Solve this integral:$\int_0^\infty\frac{\arctan x}{x(x^2+1)}\mathrm dx$
I just want to seek ways that have nothing to do with $\ln (\sin x)$.
Hint. You may consider $$ I(a):=\int_0^\infty\frac{\arctan (ax)}{x(x^2+1)}\:\mathrm dx,\quad 0<a<1, \tag1 $$ and obtain $$ I'(a)=\int_0^\infty\frac1{(x^2+1)(a^2x^2+1)}\:\mathrm dx. $$ By using partial fraction decomposition, we have $$ \frac1{(x^2+1)(a^2x^2+1)}=\frac1{\left(1-a^2\right) \left(x^2+1\right)}-\frac{a^2}{\left(1-a^2\right) \left(a^2 x^2+1\right)} $$ giving $$ \begin{align} I'(a)&=\frac1{\left(1-a^2\right)}\int_0^\infty\!\frac1{x^2+1}\:\mathrm dx-\frac{a^2}{\left(1-a^2\right)}\int_0^\infty\frac1{a^2x^2+1}\:\mathrm dx\\\\ &=\frac1{\left(1-a^2\right)}[\arctan x]_0^\infty-\frac{a^2}{\left(1-a^2\right)}\left[\frac{\arctan (ax)}a\right]_0^\infty\\\\ &=\frac1{\left(1-a^2\right)}\frac{\pi}2-\frac{a}{\left(1-a^2\right)}\frac{\pi}2\\\\ &=\frac{\pi}2\frac1{1+a} \tag2 \end{align} $$ Since $I(0)=0$, by integrating $(2)$, you easily get
$$ \int_0^\infty\frac{\arctan (ax)}{x(x^2+1)}\:\mathrm dx=\frac{\pi}2\: \ln (a+1), \qquad 0\leq a <1, $$
from which, by letting $a \to 1^-$, you deduce
$$ \int_0^\infty\frac{\arctan x}{x(x^2+1)}\:\mathrm dx=\frac{\pi}2 \ln 2 $$
as announced.
Before providing my solution, I'd must admit that Oliver Oloa provides the way to calculate this integral. I merely provide a different approach, using Fourier transforms.

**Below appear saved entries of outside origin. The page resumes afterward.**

lemma divisor_sum_at_root_of_unity:
  fixes z :: "'a::field"
  assumes "k > 0" "z ^ k = 1"
  shows "(\<Sum>d | d dvd k. (\<Prod>i\<in>{1..d-1}. 1 - z ^ i) * (\<Sum>i<k div d. (z ^ d) ^ i)) = of_nat k"
proof -
  obtain e where e: "e > 0" "z ^ e = 1" "e dvd k"
    and primitive: "\<And>i. 0 < i \<Longrightarrow> i < e \<Longrightarrow> z ^ i \<noteq> 1"
    using root_of_unity_orderE[OF assms] by blast
  define summand where "summand d = (\<Prod>i\<in>{1..d-1}. 1 - z ^ i) * (\<Sum>i<k div d. (z ^ d) ^ i)" for d
  have "summand d = 0" if d: "d dvd k" "d \<noteq> e" for d
  proof (cases "z ^ d = 1")
    case True
    then have "e < d"
      using primitive[of d] d dvd_pos_nat[OF assms(1)] by fastforce
    then have "(\<Prod>i\<in>{1..d-1}. 1 - z ^ i) = 0"
      using e by (intro prod_zero bexI[of _ e]) auto
    then show ?thesis
      by (simp add: summand_def)
  next
    case False
    have "(z ^ d) ^ (k div d) = 1"
      using d(1) assms(2) by (simp flip: power_mult)
    then show ?thesis
      using False by (simp add: summand_def geometric_sum)
  qed
  then have "(\<Sum>d | d dvd k. summand d) = (\<Sum>d | d dvd k. if d = e then summand e else 0)"
    by (intro sum.cong) auto
  also have "\<dots> = summand e"
    using assms(1) e(3) by simp
  also have "\<dots> = of_nat e * of_nat (k div e)"
    using prod_one_minus_primitive_root_powers[OF e(1,2) primitive] e(2)
    by (simp add: summand_def)
  also have "\<dots> = of_nat k"
    using e(3) by (simp flip: of_nat_mult)
  finally show ?thesis
    by (simp add: summand_def)
qed
lemma alg_height_le:
  assumes "is_hom T (dpath k) l"
  shows "alg_height T \<le> k"
proof -
  have "T \<rightarrow>\<^sub>h dpath k" using assms unfolding hom_exists_def by blast
  then show ?thesis unfolding alg_height_def by (rule Least_le)
qed

lemma obstruction_not_hom:
  assumes "complete_obstructions H \<F>" and "F \<in> \<F>"
  shows "\<not> F \<rightarrow>\<^sub>h H"
  using assms hom_exists_refl unfolding complete_obstructions_def by blast

text \<open>Obstruction sets only test digraphs on natural-number vertices; every finite
  digraph is homomorphically equivalent (indeed isomorphic) to such a digraph.\<close>

lemma nat_copy:
  fixes G :: "'b digraph"
  assumes "wf_digraph G"
  shows "\<exists>G' :: nat digraph. wf_digraph G' \<and> G \<rightarrow>\<^sub>h G' \<and> G' \<rightarrow>\<^sub>h G"
proof -
  obtain N and f :: "nat \<Rightarrow> 'b" where f: "verts G = f ` {i. i < N}" "inj_on f {i. i < N}"
    using finite_imp_nat_seg_image_inj_on assms unfolding wf_digraph_def by metis
  define G' where "G' = ({i. i < N}, {(i, j). i < N \<and> j < N \<and> (f i, f j) \<in> arcs G})"
  define g where "g = the_inv_into {i. i < N} f"
  have G': "verts G' = {i. i < N}" "arcs G' = {(i, j). i < N \<and> j < N \<and> (f i, f j) \<in> arcs G}"
    unfolding G'_def verts_def arcs_def by auto
  have g: "g x < N" "f (g x) = x" if "x \<in> verts G" for x
    using f that unfolding g_def by (auto simp: the_inv_into_f_f)
  have "wf_digraph G'" unfolding wf_digraph_def G' by auto
  moreover have "is_hom G' G f" unfolding is_hom_def G' using f by auto
  moreover have "is_hom G G' g"
    unfolding is_hom_def G' using g wf_digraph_arcsD[OF assms] by auto
  ultimately show ?thesis unfolding hom_exists_def by blast
qed

abbreviation cylinder :: "'a digraph \<Rightarrow> nat \<Rightarrow> (('a \<times> 'a) \<times> nat) digraph" where
  "cylinder H n \<equiv> dprod (dprod H H) (Pn n)"

lemma crush_rel_subset: "crush_rel H n \<subseteq> verts (cylinder H n) \<times> verts (cylinder H n)"
  unfolding crush_rel_def by auto

lemma wf_crushed_cylinder:
  assumes "wf_digraph H"
  shows "wf_digraph (crushed_cylinder H n)"
proof -
  have "finite (verts (cylinder H n))" using assms unfolding wf_digraph_def by simp
  then have "finite (verts (crushed_cylinder H n))"
    unfolding crushed_cylinder_def verts_quotient using crush_rel_subset by (rule finite_quotient)
  then show ?thesis unfolding wf_digraph_def crushed_cylinder_def by auto
qed
lemma try_put_restrict_upto:
  assumes T: "shifted_tableau T" and xk: "x \<le> k" and e: "\<forall>y. T e = Some y \<longrightarrow> x < y"
  shows "restrict_upto k (try_put T e x) = try_put (restrict_upto k T) e x"
proof -
  have "shifted_tableau (T(e \<mapsto> x)) \<longleftrightarrow> shifted_tableau ((restrict_upto k T)(e \<mapsto> x))"
    using shifted_tableau_upd_of_restrict[OF T xk e] shifted_tableau_restrict_upto[of "T(e \<mapsto> x)" k]
    by (auto simp: restrict_upto_upd_le[OF xk])
  then show ?thesis by (simp add: try_put_def inc_shifted_tableau_iff restrict_upto_upd_le[OF xk])
qed

lemma try_put_restrict_upto_large:
  assumes "k < x" and "\<forall>v. T e = Some v \<longrightarrow> k < v"
  shows "restrict_upto k (try_put T e x) = restrict_upto k T"
  using assms restrict_upto_None[of T k e]
  by (auto simp: try_put_def restrict_upto_upd_gt fun_upd_idem)

lemma row_boxes_less:
  assumes T: "shifted_tableau T" and y: "T (i,c) = Some y"
  shows "{q \<in> row_boxes T i. the (T q) < y} = {(i,j) | j. i \<le> j \<and> j < c}"
proof -
  have inc: "increasing T" and D: "shifted_closed (dom T)" using T unfolding shifted_tableau_def by auto
  have "the (T (i,j)) < y \<longleftrightarrow> j < c" if "T (i,j) = Some u" for j u
    using increasing_rowD[OF inc that y] increasing_row_leD[OF inc y that] that by force
  moreover have "(i,j) \<in> dom T \<longleftrightarrow> i \<le> j \<and> j \<le> c" if "j < c" for j
    using shifted_closed_left[OF D, of i c j] shifted_tableau_box[OF T, of i j] y that by auto
  ultimately show ?thesis unfolding row_boxes_def by fastforce
qed
lemma periodic_ext_cycle_laplacian:
  fixes x :: "real vec"
  assumes n: "n \<ge> 3" and x: "x \<in> carrier_vec n"
  shows "periodic_ext (cycle_laplacian n *\<^sub>v x) = discrete_laplacian (periodic_ext x)"
proof
  fix j :: int
  define i where "i = nat (j mod int n)"
  have i: "i < n" "int i = j mod int n" using n unfolding i_def by (simp_all add: nat_less_iff)
  have "(j + 1) mod int n = (int i + 1) mod int n"
    unfolding i(2) by (simp only: mod_add_left_eq)
  also have "\<dots> = int ((i + 1) mod n)" by (simp only: zmod_int of_nat_add of_nat_1)
  finally have succ: "(j + 1) mod int n = int ((i + 1) mod n)" .
  have "(j - 1) mod int n = (int i - 1) mod int n"
    unfolding i(2) by (simp only: mod_diff_left_eq)
  also have "\<dots> = (int i - 1 + int n) mod int n" by (simp only: mod_add_self2)
  also have "int i - 1 + int n = int (i + n - 1)" using n by simp
  also have "int (i + n - 1) mod int n = int ((i + n - 1) mod n)" by (simp only: zmod_int)
  finally have pred: "(j - 1) mod int n = int ((i + n - 1) mod n)" .
  show "periodic_ext (cycle_laplacian n *\<^sub>v x) j = discrete_laplacian (periodic_ext x) j"
    using x n i succ pred cycle_laplacian_mult_vec_index[OF n i(1) x]
    by (simp add: periodic_ext_def discrete_laplacian_def i_def[symmetric])
qed
(* Let $(X,\mu)$ be a Lebesgue space with a continuous probability measure $\mu$, and let $\rho$ be an almost-metric on $X$. (1) There exists an everywhere finite semimetric $\tilde\rho$ on $X$ that is equivalent to $\rho$, i.e. $\tilde\rho(x,y)=\rho(x,y)$ for $(\mu\times\mu)$-almost all $(x,y)\in X\times X$. (2) If moreover $\rho$ is essentially separable, then $\tilde\rho$ in (1) can be chosen so that $(X,\tilde\rho)$ is a separable semimetric space; in particular $\tilde\rho$ can be chosen admissible.
   Context: An almost-metric on a Lebesgue probability space $(X,\mu)$ is a measurable non-negative function $\rho$ on $(X\times X,\mu\times\mu)$ such that $\rho(x,y)=\rho(y,x)$ and $\rho(x,z)\le\rho(x,y)+\rho(y,z)$ for almost all $x,y,z\in X$. The essential diameter of a set $A\subset X$ is the essential supremum of $\rho$ restricted to $A\times A$. The almost-metric $\rho$ is essentially separable if for every $\varepsilon>0$ the space $X$ can be covered by countably many measurable sets of essential diameter less than $\varepsilon$. A semimetric is a finite non-negative symmetric function satisfying the triangle inequality everywhere and vanishing on the diagonal (it may vanish off the diagonal). A (semi)metric on a Lebesgue space is admissible if its restriction to some set of full measure is a separable (semi)metric space. *)

theory Defs
  imports "HOL-Probability.Probability"
begin

definition iso_mod0 :: "'a measure \<Rightarrow> 'b measure \<Rightarrow> bool" where
  "iso_mod0 M N \<longleftrightarrow> (\<exists>A B f.
      A \<in> sets M \<and> space M - A \<in> null_sets M \<and>
      B \<in> sets N \<and> space N - B \<in> null_sets N \<and>
      bij_betw f A B \<and>
      (\<forall>S. S \<subseteq> A \<longrightarrow> (S \<in> sets M \<longleftrightarrow> f ` S \<in> sets N)) \<and>
      (\<forall>S. S \<in> sets M \<longrightarrow> S \<subseteq> A \<longrightarrow> emeasure N (f ` S) = emeasure M S))"

text \<open>Lebesgue (standard) probability space: a complete probability space that is
  isomorphic mod 0 to the completion of a Borel probability measure on the real line
  (equivalently, on a standard Borel / Polish space).\<close>
definition lebesgue_space :: "'a measure \<Rightarrow> bool" where
  "lebesgue_space M \<longleftrightarrow> prob_space M \<and> complete_measure M \<and>
     (\<exists>\<nu> :: real measure. prob_space \<nu> \<and> sets \<nu> = sets borel \<and> iso_mod0 M (completion \<nu>))"

definition continuous_measure :: "'a measure \<Rightarrow> bool" where
  "continuous_measure M \<longleftrightarrow> (\<forall>x\<in>space M. {x} \<in> null_sets M)"
lemma zero_sum_costates_opposite:
  fixes f :: "nat \<Rightarrow> real^'n \<Rightarrow> real^'m1 \<Rightarrow> real^'m2 \<Rightarrow> real^'n"
    and l :: "nat \<Rightarrow> real^'n \<Rightarrow> real^'m1 \<Rightarrow> real^'m2 \<Rightarrow> real"
  assumes f_smooth: "\<And>t x u v. (\<lambda>(x, u, v). f t x u v) differentiable (at (x, u, v))"
    and l_smooth: "\<And>t x u v. (\<lambda>(x, u, v). l t x u v) differentiable (at (x, u, v))"
    and lT_smooth: "\<And>x. lT differentiable (at x)"
    and COL_1: "OL_FOC K l lT f a1 b1 xs u1 u2 lam1 nl1 nu1"
    and COL_2: "OL_FOC K (\<lambda>t x u v. - l t x v u) (\<lambda>x. - lT x) (\<lambda>t x u v. f t x v u)
                  a2 b2 xs u2 u1 lam2 nl2 nu2"
  shows "\<forall>s\<in>{1..K}. lam2 s = - lam1 s"
proof (rule backward_recursion_opposite[where
      g = "\<lambda>t. grad (\<lambda>x. l t x (u1 t) (u2 t)) (xs t)"
      and A = "\<lambda>t. jacT (\<lambda>x. f t x (u1 t) (u2 t)) (xs t)"])
  have "grad lT (xs (K + 1)) = lam1 K" "- grad lT (xs (K + 1)) = lam2 K"
    using COL_1 COL_2 unfolding OL_FOC_def right_minus_eq grad_uminus[OF lT_smooth] by blast+
  then show "lam2 K = - lam1 K" by simp
next
  note l_x = differentiable_at_partials(1)[OF l_smooth, simplified]
  note f_x = differentiable_at_partials(1)[OF f_smooth, simplified]
  fix t y
  assume t: "t \<in> {2..K}"
  have "grad (\<lambda>x. l t x (u1 t) (u2 t)) (xs t)
          + jacT (\<lambda>x. f t x (u1 t) (u2 t)) (xs t) (lam1 t) = lam1 (t - 1)"
    "- grad (\<lambda>x. l t x (u1 t) (u2 t)) (xs t)
          + jacT (\<lambda>x. f t x (u1 t) (u2 t)) (xs t) (lam2 t) = lam2 (t - 1)"
    using COL_1 COL_2 t unfolding OL_FOC_def right_minus_eq grad_uminus[OF l_x] by blast+
  then show "lam1 (t - 1) = grad (\<lambda>x. l t x (u1 t) (u2 t)) (xs t)
               + jacT (\<lambda>x. f t x (u1 t) (u2 t)) (xs t) (lam1 t)"
    and "lam2 (t - 1) = - grad (\<lambda>x. l t x (u1 t) (u2 t)) (xs t)
               + jacT (\<lambda>x. f t x (u1 t) (u2 t)) (xs t) (lam2 t)"
    by simp_all
  show "jacT (\<lambda>x. f t x (u1 t) (u2 t)) (xs t) (- y)
          = - jacT (\<lambda>x. f t x (u1 t) (u2 t)) (xs t) y"
    by (rule jacT_uminus[OF f_x])
qed
lemma Y_has_derivative:
  assumes "t > 0"
  shows "(Y has_real_derivative
           t powr (\<kappa> - 1) * ((\<kappa> + \<beta>)\<^sup>2 * excess t - \<gamma> * w t + forcing t)) (at t)"
proof -
  have "(Y has_real_derivative
          \<kappa> * t powr (\<kappa> - 1) * ((\<kappa> + \<beta>) * excess t - Q t)
          + t powr \<kappa> * ((\<kappa> + \<beta>) * ((\<beta> * excess t - Q t) / t)
                     - (\<gamma> * w t - (\<beta> + 2 * \<kappa>) * Q t - forcing t) / t)) (at t)"
    (is "(Y has_real_derivative ?D) _")
    unfolding Y_def[abs_def]
    using assms excess_has_derivative[OF assms] Q_has_derivative[OF assms]
    by (auto intro!: derivative_eq_intros)
  moreover have "?D = t powr (\<kappa> - 1) * ((\<kappa> + \<beta>)\<^sup>2 * excess t - \<gamma> * w t + forcing t)"
  proof -
    have "t powr \<kappa> = t powr (\<kappa> - 1) * t"
      using assms by (simp add: powr_diff)
    thus ?thesis using assms by (simp add: field_simps power2_eq_square)
  qed
  ultimately show ?thesis by simp
qed
(* Let $m_{\max}$ be the maximum covering number of the compact query space $\mathcal{X}$ at radius $\epsilon$, so $m_{\max}\le(D\sqrt{d_e}/\epsilon)^{d_e}$ with $D$ the diameter. The total number of cache switches triggered by CLCB-SC-LS-Cont up to horizon $T$ satisfies $$\mathbb{E}\Big[\sum_{u\in\mathcal{S}_T}\tau_u(T)\Big]\le\mathcal{O}(m_{\max}\log\log T),\qquad\mathbb{E}[\tau_f(T)]\le\mathcal{O}(\log\log T).$$
   Context: CLCB-SC-LS-Cont (radius $\epsilon$, horizon $T$) maintains a growing set of centers $\mathcal{S}_t\subset\mathcal{X}\subset\mathbb{R}^{d_e}$: an arriving query farther than $\epsilon$ from all centers becomes a new center, otherwise it is mapped to its nearest center; $m_t=|\mathcal{S}_t|$. Each center $u$ has a local stage index $\tau_u$ (starting at 1); $\mathcal{T}(u,\tau)$ is the set of rounds in stage $\tau$ of $u$ at which the LLM was queried on a query mapped to $u$; stage $\tau_u$ ends and $\tau_u$ increases by one when $|\mathcal{T}(u,\tau_u)|\ge1+\sqrt{\frac{T}{m_t}\sum_{\tau<\tau_u}|\mathcal{T}(u,\tau)|}$. A global stage index $\tau_f$ with sets $\mathcal{T}(f,\tau)$ of all arrival rounds in stage $\tau$ increases when $|\mathcal{T}(f,\tau_f)|\ge1+\sqrt{T\sum_{\tau<\tau_f}|\mathcal{T}(f,\tau)|}$. Cache switches occur exactly at stage increments (and at center creations). $\tau_u(T),\tau_f(T)$ are the stage indices at time $T$. *)

theory Defs
  imports "HOL-Probability.Probability"
begin

text \<open>Queries live in R^d, represented as functions nat => real vanishing from index d on
  (the product topology on nat => real restricts to the Euclidean topology there).\<close>

definition edist :: "nat \<Rightarrow> (nat \<Rightarrow> real) \<Rightarrow> (nat \<Rightarrow> real) \<Rightarrow> real" where
  "edist d x y = sqrt (\<Sum>i<d. (x i - y i)^2)"

text \<open>Maximal number of centers the greedy epsilon-net procedure can create in X:
  the maximal cardinality of a subset of X whose points are pairwise more than epsilon apart.\<close>
definition mmax :: "nat \<Rightarrow> (nat \<Rightarrow> real) set \<Rightarrow> real \<Rightarrow> nat" where
  "mmax d X \<epsilon> = Sup {card S | S. finite S \<and> S \<subseteq> X \<and>
       (\<forall>x\<in>S. \<forall>y\<in>S. x \<noteq> y \<longrightarrow> edist d x y > \<epsilon>)}"

record cstate =
  cs :: "(nat \<Rightarrow> real) list"   \<comment> \<open>centers in order of creation\<close>
  tu :: "nat list"                \<comment> \<open>local stage index of each center\<close>
  cu :: "nat list"                \<comment> \<open>size of current local stage set T(u,tau_u)\<close>
  su :: "nat list"                \<comment> \<open>sum of sizes of previous local stages\<close>
  tf :: nat                       \<comment> \<open>global stage index\<close>
  cf :: nat                       \<comment> \<open>size of current global stage set\<close>
  sf :: nat                       \<comment> \<open>sum of sizes of previous global stages\<close>
lemma internal_to_zonotope_iff:
  assumes "A \<subseteq> X"
  shows "internal_to p (zonotope A) (zonotope X) \<longleftrightarrow> p \<in> coord_box X A {0<..<1}"
proof -
  let ?c = "representation X"
  let ?Z = "\<lambda>Y. coord_box X Y {0..1}"
  have cvx: "convex (?Z X)"
    by (rule convex_coord_box) simp
  have coord_bounds: "0 \<le> ?c q a \<and> ?c q a \<le> 1" if "q \<in> ?Z X" "a \<in> X" for q a
    using that unfolding coord_box_def by simp
  have zero_face: "{q \<in> ?Z X. - ?c q a = 0} face_of ?Z X" if "a \<in> X" for a
    using coord_bounds[OF _ that] linear_compose_neg[OF linear_representation_spanning]
    by (intro face_of_linear_level[OF cvx]) auto
  have one_face: "{q \<in> ?Z X. ?c q a = 1} face_of ?Z X" if "a \<in> X" for a
    using coord_bounds[OF _ that] linear_representation_spanning
    by (intro face_of_linear_level[OF cvx]) auto
  have ZA_ZX: "?Z A \<subseteq> ?Z X"
    using face_of_unit_coord_box[OF assms] face_of_imp_subset by blast
  show ?thesis
    unfolding zonotope_eq_coord_box[OF assms] zonotope_eq_coord_box[OF order_refl]
  proof
    assume "internal_to p (?Z A) (?Z X)"
    then have pA: "p \<in> ?Z A" and least: "\<And>G. G face_of ?Z X \<Longrightarrow> p \<in> G \<Longrightarrow> ?Z A \<subseteq> G"
      unfolding internal_to_def by auto
    show "p \<in> coord_box X A {0<..<1}"
      unfolding coord_box_def mem_Collect_eq
    proof (intro conjI ballI)
      fix a
      assume a: "a \<in> A"
      have "a \<in> ?Z A" "?c a a = 1"
        using a assms X(1) unfolding coord_box_def by (auto simp: real_vector.representation_basis)
      then have "?c p a \<noteq> 0"
        using least[OF zero_face] pA ZA_ZX a assms by fastforce
      moreover have "0 \<in> ?Z A"
        unfolding coord_box_def by (simp add: real_vector.representation_zero)
      then have "?c p a \<noteq> 1"
        using least[OF one_face] pA ZA_ZX a assms
        by (fastforce simp: real_vector.representation_zero)
      ultimately show "?c p a \<in> {0<..<1}"
        using coord_bounds pA ZA_ZX a assms by fastforce
    next
      fix x
      assume "x \<in> X - A"
      then show "?c p x = 0"
        using pA unfolding coord_box_def by simp
    qed
  next
    assume p: "p \<in> coord_box X A {0<..<1}"
    have "p \<in> ?Z A"
      using p coord_box_mono[of "{0<..<1}" "{0..1::real}" X A] by fastforce
    moreover have "?Z A \<subseteq> G" if "G face_of ?Z X" "p \<in> G" for G
      using subset_of_face_of[OF that(1) ZA_ZX] open_coord_box_subset_rel_interior[OF assms] p that(2)
      by blast
    ultimately show "internal_to p (?Z A) (?Z X)"
      unfolding internal_to_def using face_of_unit_coord_box[OF assms] by blast
  qed
qed
(* For every $d$ with $0\le d\le\rho(m)-1$, the sequence $(w(n,d))_{n\ge0}$ has transient length $\rho(m)\,(k-p_d-1)+d+1$ and cycle length $L_0(d)$.
   Context: For $u\in\mathbb{R}$ let $\mathbf 1[u]=1$ if $u\ge 0$ and $\mathbf 1[u]=0$ if $u<0$. For a $\{0,1\}$-valued sequence $(s(n))_{n\ge0}$ that is eventually periodic, its transient length is the least $T\ge0$ such that there is $P\ge1$ with $s(n+P)=s(n)$ for all $n\ge T$, and its cycle length is the least such $P$ (for that $T$). Let $m$ be a positive integer and let $\rho(m)$ denote the number of primes $p$ with $2m<p<3m$; assume $\rho(m)\ge 2$. List these primes as $p_0>p_1>\dots>p_{\rho(m)-1}$ and put $\alpha_i=3m-p_i$. Let $k=(6m-1)\rho(m)$, $\mu_i=\lfloor k/p_i\rfloor$, $\beta_i=k-p_i\mu_i$. Define weights $\bar a_j$, $1\le j\le k$: if $\rho(m)$ is even, $\bar a_j=2$ if $j=\ell p_i$ for some $i$ and some $\ell$ with $1\le \ell\le 3\rho(m)/2$, $\bar a_j=-2$ if $j=\ell p_i$ with $3\rho(m)/2<\ell\le 2\rho(m)$, and $\bar a_j=0$ otherwise; if $\rho(m)$ is odd, $\bar a_j=2$ if $j=\ell p_i$ with $1\le\ell\le (3\rho(m)-1)/2$, $\bar a_j=-2$ if $j=\ell p_i$ with $(3\rho(m)+1)/2\le \ell\le 2\rho(m)-2$, $\bar a_j=-1$ if $j=\ell p_i$ with $\ell\in\{2\rho(m)-1,2\rho(m)\}$, and $\bar a_j=0$ otherwise (well defined since the sets $\{\ell p_i:1\le\ell\le2\rho(m)\}$ are pairwise disjoint). Let $\bar\theta=2\rho(m)$. For each $i$ define $x^{\alpha_i}(t)$ for $0\le t\le k-1$ by $x^{\alpha_i}(t)=1$ if $t=\beta_i+\ell p_i$ for some $0\le \ell\le\mu_i-1$ and $x^{\alpha_i}(t)=0$ otherwise, and for $t\ge k$ by $x^{\alpha_i}(t)=\mathbf 1\big[\sum_{j=1}^k \bar a_j x^{\alpha_i}(t-j)-\bar\theta\big]$. Let $h=\rho(m)k$. For $1\le f\le h$ let $b_f=\bar a_j$ if $f=\rho(m)j$ with $1\le j\le k$, and $b_f=0$ otherwise. Define $(y(n))_{n\ge0}$ by $y(\rho(m)j+i)=x^{\alpha_i}(1+j)$ for $0\le j\le k-1$, $0\le i\le\rho(m)-1$, and $y(n)=\mathbf 1\big[\sum_{f=1}^h b_f y(n-f)-\bar\theta\big]$ for $n\ge h$. Let $L_1(d)=\rho(m)\cdot\mathrm{lcm}(p_0,\dots,p_d)$ for $0\le d\le\rho(m)-1$; let $L_0(d)=\rho(m)\cdot\mathrm{lcm}(p_{d+1},\dots,p_{\rho(m)-1})$ if $0\le d\le\rho(m)-2$ and $L_0(\rho(m)-1)=1$. For $0\le d\le\rho(m)-1$ define $(w(n,d))_{n\ge0}$ by: for $0\le i\le d$, $w(\rho(m)j+i,d)=x^{\alpha_i}(1+j)$ for $0\le j\le k-2$ and $w(\rho(m)(k-1)+i,d)=1-x^{\alpha_i}(k)$; for $d+1\le i\le\rho(m)-1$ and $0\le j\le k-1$, $w(\rho(m)j+i,d)=y(\rho(m)j+i+L_1(d))$; and $w(n,d)=\mathbf 1\big[\sum_{f=1}^h b_f w(n-f,d)-\bar\theta\big]$ for $n\ge h$. *)

theory Defs
  imports "HOL-Computational_Algebra.Primes"
begin
definition full_column_rank :: "real mat \<Rightarrow> bool" where
  "full_column_rank Z \<longleftrightarrow>
     (\<forall>x \<in> carrier_vec (dim_col Z). Z *\<^sub>v x = 0\<^sub>v (dim_row Z) \<longrightarrow> x = 0\<^sub>v (dim_col Z))"

text \<open>The columns of Z form a basis of the subspace S.  For S = {0} this forces Z to
  have 0 columns (the convention that basis({0}) = 0 is a matrix with 0 columns).\<close>
definition col_basis :: "real mat \<Rightarrow> real vec set \<Rightarrow> bool" where
  "col_basis Z S \<longleftrightarrow> full_column_rank Z \<and> mat_range Z = S"

definition hcat :: "real mat \<Rightarrow> real mat \<Rightarrow> real mat" where
  "hcat A B = mat (dim_row A) (dim_col A + dim_col B)
     (\<lambda>(r, c). if c < dim_col A then A $$ (r, c) else B $$ (r, c - dim_col A))"

definition null_space_pair :: "real mat \<Rightarrow> real mat \<Rightarrow> real vec set" where
  "null_space_pair A B =
     {v \<in> carrier_vec (dim_col A + dim_col B). hcat A B *\<^sub>v v = 0\<^sub>v (dim_row A)}"

definition upper_block :: "real mat \<Rightarrow> real mat \<Rightarrow> real mat" where
  "upper_block A Z = mat (dim_col A) (dim_col Z) (\<lambda>(r, c). Z $$ (r, c))"

text \<open>ssd_from A B C out: starting the SSD loop with current A_j = A, B_j = B and
  accumulated C, the algorithm can return out (for some choice of null-space bases).\<close>
inductive ssd_from :: "real mat \<Rightarrow> real mat \<Rightarrow> real mat \<Rightarrow> real mat \<Rightarrow> bool" where
  ssd_trivial:
    "col_basis Z (null_space_pair A B) \<Longrightarrow> dim_col Z = 0 \<Longrightarrow>
     ssd_from A B C (0\<^sub>m (dim_row C) 0)"
| ssd_stop:
    "col_basis Z (null_space_pair A B) \<Longrightarrow> 0 < dim_col Z \<Longrightarrow> dim_col A \<le> dim_col Z \<Longrightarrow>
     ssd_from A B C C"
| ssd_step:
    "col_basis Z (null_space_pair A B) \<Longrightarrow> 0 < dim_col Z \<Longrightarrow> dim_col Z < dim_col A \<Longrightarrow>
     ssd_from (A * upper_block A Z) (B * upper_block A Z) (C * upper_block A Z) out \<Longrightarrow>
     ssd_from A B C out"

definition is_SSD :: "real mat \<Rightarrow> real mat \<Rightarrow> real mat \<Rightarrow> bool" where
  "is_SSD A B out \<longleftrightarrow> ssd_from A B (1\<^sub>m (dim_col A)) out"

definition row_set :: "real mat \<Rightarrow> real vec set" where
  "row_set A = {row A r | r. r < dim_row A}"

First a comment. I tried to use a symmetry argument saying that $$ \int_0^{+\infty}f(x+1/x)\arctan x\frac{dx}{x} =\frac{\pi}{4}\int_0^{+\infty} f(x+1/x)\frac{dx}{x}, $$ but I was not able to put this integral into that form. Now to the solution:
Since the integrand is even, our integral equals $$ \frac{1}{2}\int_{-\infty}^{+\infty}\frac{\arctan x}{x(1+x^2)}\,dx. $$ We need to know the Fourier transforms $$ \mathcal F\Bigl[\frac{1}{1+x^2}\Bigr](\xi)=\sqrt{\frac{\pi}{2}}e^{-|\xi|}\quad\text{and}\quad \mathcal F\Bigl[\frac{\arctan x}{x}\Bigr](\xi)=\sqrt{\frac{\pi}{2}}\int_{|\xi|}^{+\infty}\frac{e^{-t}}{t}\,dt. $$ By Parseval's formula, $$ \int_0^{+\infty}\frac{\arctan x}{x(1+x^2)}\,dx= \frac{1}{2}\sqrt{\frac{\pi}{2}}\sqrt{\frac{\pi}{2}} \int_{-\infty}^{+\infty} e^{-|\xi|}\int_{|\xi|}^{+\infty} \frac{e^{-t}}{t}\,dt\,d\xi. $$ The integrand is even in $\xi$, so we get $$ \frac{\pi}{2}\int_0^{+\infty}e^{-\xi}\int_{\xi}^{+\infty}\frac{e^{-t}}{t}\,dt\,d\xi. $$ Changing the order of integrations, and calculating the inner one, we get $$ \frac{\pi}{2}\int_0^{+\infty}\frac{e^{-t}}{t}\int_0^t e^{-\xi}\,d\xi \,dt= \frac{\pi}{2}\int_0^{+\infty}\frac{e^{-t}}{t}(1-e^{-t})\,dt $$ Now, the last integral is a Frullani integral that equals $\log 2$, so we finally get that $$ \int_0^{+\infty}\frac{\arctan x}{x(1+x^2)}\,dx=\frac{\pi}{2}\log 2. $$
Another chance is given by the following representation associated with the cotangent function
$$ 1-x\cot x=\sum_{n\geq 1}\left(\frac{x}{\pi n-x}-\frac{x}{\pi n+x}\right)\tag{1} $$
that comes from applying $\frac{d}{dx}\log(\cdot)$ to the Weierstrass product for the sine function.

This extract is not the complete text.